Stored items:
/---
lemma Min_H_Cp_ge_half:
  assumes "n \<ge> 1" and "\<epsilon> \<le> 1" and "n \<le> p" and "p \<le> 2 * n"
  shows "Min (H n \<epsilon> 0 ` Cp n p) = low_energy n \<epsilon> (real (2 * n - p))"
    and "\<forall>\<sigma> \<in> C3 n n (p - n) (p - n) \<union> C3 n (p - n) n (p - n). H n \<epsilon> 0 \<sigma> = low_energy n \<epsilon> (real (2 * n - p))"
proof -
  have feasible: "feasible_counts n n (p - n) (p - n)" "feasible_counts n (p - n) n (p - n)"
    using assms(3,4) by (auto simp: feasible_counts_def)
  have ground: "energy_of_counts n \<epsilon> n (p - n) (p - n) = low_energy n \<epsilon> (real (2 * n - p))"
    "energy_of_counts n \<epsilon> (p - n) n (p - n) = low_energy n \<epsilon> (real (2 * n - p))"
    using energy_of_counts_flip[OF feasible(1), of \<epsilon>] energy_of_counts_flip[OF feasible(2), of \<epsilon>] assms(3,4)
    by (simp_all add: energy_of_counts_eq_low_energy)
  have "Min (H n \<epsilon> 0 ` Cp n (n + (p - n))) = energy_of_counts n \<epsilon> n (p - n) (p - n)"
  proof (rule Min_H_Cp_eq[OF assms(1) feasible(1)])
    fix q1 q2 b assume q: "feasible_counts n q1 q2 b" "q1 + q2 = n + (p - n)"
    have "real (2 * n - p) = real (n - q1) + real (n - q2)"
      using q assms(3) by (auto simp: feasible_counts_def of_nat_diff)
    moreover have "n + b - q1 - q2 \<le> n - q1" "n + b - q1 - q2 \<le> n - q2"
      using q(1) by (auto simp: feasible_counts_def)
    ultimately have "low_energy n \<epsilon> (real (2 * n - p)) \<le> energy_of_counts n \<epsilon> (n - q1) (n - q2) (n + b - q1 - q2)"
      using low_energy_le_energy_of_counts[OF _ _ assms(2)] by simp
    then show "energy_of_counts n \<epsilon> n (p - n) (p - n) \<le> energy_of_counts n \<epsilon> q1 q2 b"
      using ground(1) energy_of_counts_flip[OF q(1)] by simp
  qed
  then show "Min (H n \<epsilon> 0 ` Cp n p) = low_energy n \<epsilon> (real (2 * n - p))"
    using ground(1) assms(3) by simp
  show "\<forall>\<sigma> \<in> C3 n n (p - n) (p - n) \<union> C3 n (p - n) n (p - n). H n \<epsilon> 0 \<sigma> = low_energy n \<epsilon> (real (2 * n - p))"
    using H_on_C3(1)[OF _ assms(1)] ground by auto
qed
\---
**What the task requires:**
For every line in the data above that holds "forall", return the line itself.

**Problem solution:**
    and "\<forall>\<sigma> \<in> C3 n n (p - n) (p - n) \<union> C3 n (p - n) n (p - n). H n \<epsilon> 0 \<sigma> = low_energy n \<epsilon> (real (2 * n - p))"
  show "\<forall>\<sigma> \<in> C3 n n (p - n) (p - n) \<union> C3 n (p - n) n (p - n). H n \<epsilon> 0 \<sigma> = low_energy n \<epsilon> (real (2 * n - p))"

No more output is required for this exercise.